Excerpts from a dataset
lemma prob_atypical_words_le:
  assumes "n > 0" "finite S" "S \<subseteq> \<Sigma>" "\<eta> > 0"
  shows "measure_pmf.prob (word_pmf n) (atypical_words S \<eta> n) \<le> card Q * (4 * M\<^sup>2 + card S / \<eta>\<^sup>2) / n"
proof -
  have "measure_pmf.prob (word_pmf n) ({w. real n / 2 \<le> \<bar>path_sum drift_increment q w\<bar>}
          \<union> (\<Union>c\<in>S. {w. \<eta> * n \<le> \<bar>path_sum (count_increment c) q w\<bar>}))
          \<le> 4 * M\<^sup>2 / n + card S / (\<eta>\<^sup>2 * n)" if q: "q \<in> Q" for q
  proof -
    have drift: "measure_pmf.prob (word_pmf n) {w. real n / 2 \<le> \<bar>path_sum drift_increment q w\<bar>}
                   \<le> M\<^sup>2 * n / (real n / 2)\<^sup>2"
      by (rule prob_path_sum_ge[OF drift_increment_bounded drift_increment_centered q])
        (use assms(1) in simp)
    have "measure_pmf.prob (word_pmf n) {w. \<eta> * n \<le> \<bar>path_sum (count_increment c) q w\<bar>}
            \<le> (1::real)\<^sup>2 * n / (\<eta> * n)\<^sup>2" if "c \<in> S" for c
      by (rule prob_path_sum_ge)
        (use assms that q in \<open>auto intro: count_increment_bounded count_increment_centered\<close>)
    hence count: "measure_pmf.prob (word_pmf n) (\<Union>c\<in>S. {w. \<eta> * n \<le> \<bar>path_sum (count_increment c) q w\<bar>})
                    \<le> (\<Sum>c\<in>S. (1::real)\<^sup>2 * n / (\<eta> * n)\<^sup>2)"
      using assms(2) by (rule measure_pmf_UN_le[rotated])
    have "measure_pmf.prob (word_pmf n) ({w. real n / 2 \<le> \<bar>path_sum drift_increment q w\<bar>}
            \<union> (\<Union>c\<in>S. {w. \<eta> * n \<le> \<bar>path_sum (count_increment c) q w\<bar>}))
            \<le> M\<^sup>2 * n / (real n / 2)\<^sup>2 + (\<Sum>c\<in>S. (1::real)\<^sup>2 * n / (\<eta> * n)\<^sup>2)"
      by (rule order.trans[OF measure_Un_le add_mono[OF drift count]]) auto
    also have "\<dots> = 4 * M\<^sup>2 / n + card S / (\<eta>\<^sup>2 * n)"
      using assms(1,4) by (simp add: field_simps power2_eq_square)
    finally show ?thesis .
  qed
  hence "measure_pmf.prob (word_pmf n) (atypical_words S \<eta> n)
           \<le> (\<Sum>q\<in>Q. 4 * M\<^sup>2 / n + card S / (\<eta>\<^sup>2 * n))"
    unfolding atypical_words_def using finite_Q by (intro measure_pmf_UN_le)
  thus ?thesis
    using assms(1) by (simp add: field_simps)
qed

lemma typical_word_in_D:
  assumes w: "w \<in> set_pmf (word_pmf n)" "4 * M \<le> n"
    and S: "finite S" "S \<subseteq> \<Sigma>" "1 - sum p S \<le> \<epsilon>/4" and "\<epsilon> > 0"
    and typical: "w \<notin> atypical_words S (\<epsilon> / 4 / (card S + 1) / (4 * M + 4)) n"
  shows "w \<in> D \<Sigma> p Q \<delta> F n (1 / (4 * M + 4)) \<epsilon>"
proof -
  define \<eta> where "\<eta> = \<epsilon> / 4 / (card S + 1)"
  have \<eta>: "0 \<le> \<eta>" "(card S + 1) * \<eta> \<le> \<epsilon>/4"
    using \<open>\<epsilon> > 0\<close> by (simp_all add: \<eta>_def field_simps)
  have w_word: "set w \<subseteq> \<Sigma>" "length w = n"
    using w(1) by (simp_all add: set_word_pmf)
  have "w \<in> D_q \<Sigma> p \<delta> F n (1 / (4 * M + 4)) \<epsilon> q" if q: "q \<in> Q" for q
  proof -
    define l where "l = sel_sub \<delta> F q w"
    have small: "\<bar>path_sum drift_increment q w\<bar> < n / 2"
      "\<And>c. c \<in> S \<Longrightarrow> \<bar>path_sum (count_increment c) q w\<bar> < \<eta> / (4 * M + 4) * n"
      using typical q by (auto simp: atypical_words_def \<eta>_def not_le)
    have long: "n / (4 * M + 4) < length l"
      using length_sel_sub_gt[OF q w_word(1)] small(1) w_word(2) w(2) by (simp add: l_def)
    hence "l \<noteq> []"
      using M_nonneg by (auto simp: divide_less_0_iff)
    have "\<eta> / (4 * M + 4) * n = \<eta> * (n / (4 * M + 4))"
      by simp
    also have "\<dots> \<le> \<eta> * length l"
      using long \<eta>(1) by (intro mult_left_mono) auto
    finally have "\<bar>count_list l c - p c * length l\<bar> \<le> \<eta> * length l" if "c \<in> S" for c
      using small(2)[OF that] path_sum_count_increment[of c q w] by (simp add: l_def)
    hence "\<bar>count_list l a / length l - p a\<bar> \<le> \<epsilon>/2" if "a \<in> \<Sigma>" for a
      using frequency_close[OF S \<eta> \<open>l \<noteq> []\<close> _ that] by blast
    hence "(SUP a\<in>\<Sigma>. \<bar>count_list l a / length l - p a\<bar>) \<le> \<epsilon>/2"
      using \<Sigma>_nonempty by (intro cSUP_least) auto
    thus ?thesis
      using long w_word \<open>\<epsilon> > 0\<close> by (simp add: D_q_def l_def)
  qed
  thus ?thesis
    using w_word by (simp add: D_def)
qed

lemma mu_p_D_ge:
  assumes "4 * M \<le> n" "finite S" "S \<subseteq> \<Sigma>" "1 - sum p S \<le> \<epsilon>/4" "\<epsilon> > 0"
  shows "1 - measure_pmf.prob (word_pmf n) (atypical_words S (\<epsilon> / 4 / (card S + 1) / (4 * M + 4)) n)
           \<le> mu_p p (D \<Sigma> p Q \<delta> F n (1 / (4 * M + 4)) \<epsilon>)"
proof -
  let ?A = "atypical_words S (\<epsilon> / 4 / (card S + 1) / (4 * M + 4)) n"
  have "set_pmf (word_pmf n) \<inter> (UNIV - ?A) \<subseteq> D \<Sigma> p Q \<delta> F n (1 / (4 * M + 4)) \<epsilon>"
    using assms typical_word_in_D by blast
  hence "measure_pmf.prob (word_pmf n) (UNIV - ?A)
           \<le> measure_pmf.prob (word_pmf n) (D \<Sigma> p Q \<delta> F n (1 / (4 * M + 4)) \<epsilon>)"
    by (subst measure_Int_set_pmf[symmetric]) (auto intro!: measure_pmf.finite_measure_mono)
  thus ?thesis
    using measure_pmf.prob_compl[of ?A "word_pmf n"] by (simp add: mu_p_eq_prob[OF D_subset_words])
qed

lemma tendsto_mu_p_D:
  assumes "\<epsilon> > 0"
  shows "(\<lambda>n. mu_p p (D \<Sigma> p Q \<delta> F n (1 / (4 * M + 4)) \<epsilon>)) \<longlonglongrightarrow> 1"
proof -
  obtain S where S: "finite S" "S \<subseteq> \<Sigma>" "1 - sum p S \<le> \<epsilon>/4"
    using finite_subset_mass_close[of "\<epsilon>/4"] assms by auto
  define \<eta> where "\<eta> = \<epsilon> / 4 / (card S + 1) / (4 * M + 4)"
  have "\<eta> > 0"
    using assms M_nonneg by (simp add: \<eta>_def)
  define K where "K = card Q * (4 * M\<^sup>2 + card S / \<eta>\<^sup>2)"
  have "eventually (\<lambda>n. 1 - K / n \<le> mu_p p (D \<Sigma> p Q \<delta> F n (1 / (4 * M + 4)) \<epsilon>)) sequentially"
  proof (rule eventually_sequentiallyI[of "nat \<lceil>4 * M\<rceil> + 1"])
    fix n assume "nat \<lceil>4 * M\<rceil> + 1 \<le> n"
    hence n: "4 * M \<le> n" "n > 0"
      by linarith+
    show "1 - K / n \<le> mu_p p (D \<Sigma> p Q \<delta> F n (1 / (4 * M + 4)) \<epsilon>)"
      using prob_atypical_words_le[OF n(2) S(1,2) \<open>\<eta> > 0\<close>] mu_p_D_ge[OF n(1) S assms]
      unfolding K_def \<eta>_def by linarith
  qed
  moreover have "eventually (\<lambda>n. mu_p p (D \<Sigma> p Q \<delta> F n (1 / (4 * M + 4)) \<epsilon>) \<le> 1) sequentially"
    by (intro always_eventually allI mu_p_D_le_1)
  moreover have "(\<lambda>n. 1 - K / real n) \<longlonglongrightarrow> 1"
    using tendsto_diff[OF tendsto_const lim_const_over_n[of K]] by simp
  ultimately show ?thesis
    using tendsto_const by (rule tendsto_sandwich)
qed

end

section \<open>A drift function from strong connectivity\<close>

lemma geometric_potential_step:
  fixes \<pi> C :: real
  assumes "0 < \<pi>" "\<pi> < 1" "C = 1 / ((1 - \<pi>) * \<pi> ^ K)" "i < k"
  shows "C * (1 - \<pi> ^ K) - (C * (1 - \<pi> ^ K) - C * (1 - \<pi> ^ i)) * \<pi> \<le> C * (1 - \<pi> ^ k) - 1"
proof -
  have C: "0 < C" "C * ((1 - \<pi>) * \<pi> ^ K) = 1"
    using assms(1-3) by simp_all
  have "C * (1 - \<pi> ^ K) - (C * (1 - \<pi> ^ K) - C * (1 - \<pi> ^ i)) * \<pi>
          = C * (1 - \<pi> ^ Suc i) - C * ((1 - \<pi>) * \<pi> ^ K)"
    by (simp add: algebra_simps)
  also have "\<dots> = C * (1 - \<pi> ^ Suc i) - 1"
    using C(2) by simp
  also have "\<pi> ^ k \<le> \<pi> ^ Suc i"
    using assms(1,2,4) by (intro power_decreasing) auto
  hence "C * (1 - \<pi> ^ Suc i) \<le> C * (1 - \<pi> ^ k)"
    using C(1) by (intro mult_left_mono) auto
  finally show ?thesis
    by simp
qed

locale strongly_connected_dfa = bernoulli_dfa \<Sigma> p Q \<delta> F
  for \<Sigma> :: "'a set" and p and Q :: "'q set" and \<delta> and F +
  assumes F_nonempty: "F \<noteq> {}"
    and strongly_connected: "strongly_connected Q \<Sigma> \<delta>"
begin

definition transitions :: "('q \<times> 'q) set" where
  "transitions = {(r, \<delta> r a) | r a. r \<in> Q \<and> a \<in> \<Sigma>}"

definition dist_F :: "'q \<Rightarrow> nat" where
  "dist_F s = (LEAST k. \<exists>f\<in>F. (s, f) \<in> transitions ^^ k)"

lemma reaches_F:
  assumes "s \<in> Q"
  shows "\<exists>k. \<exists>f\<in>F. (s, f) \<in> transitions ^^ k"
proof -
  obtain f where f: "f \<in> F"
    using F_nonempty by auto
  hence "(s, f) \<in> transitions\<^sup>*"
    using strongly_connected assms F_subset
    unfolding strongly_connected_def transitions_def by auto
  thus ?thesis
    using f by (auto simp: rtrancl_power)
qed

* **What you have to do**:
Look above for lines with the word "intro" and copy them all.

* **Answer to this problem**:
        (use assms that q in \<open>auto intro: count_increment_bounded count_increment_centered\<close>)
    unfolding atypical_words_def using finite_Q by (intro measure_pmf_UN_le)
      using long \<eta>(1) by (intro mult_left_mono) auto
      using \<Sigma>_nonempty by (intro cSUP_least) auto
    by (subst measure_Int_set_pmf[symmetric]) (auto intro!: measure_pmf.finite_measure_mono)
    by (intro always_eventually allI mu_p_D_le_1)
    using assms(1,2,4) by (intro power_decreasing) auto
    using C(1) by (intro mult_left_mono) auto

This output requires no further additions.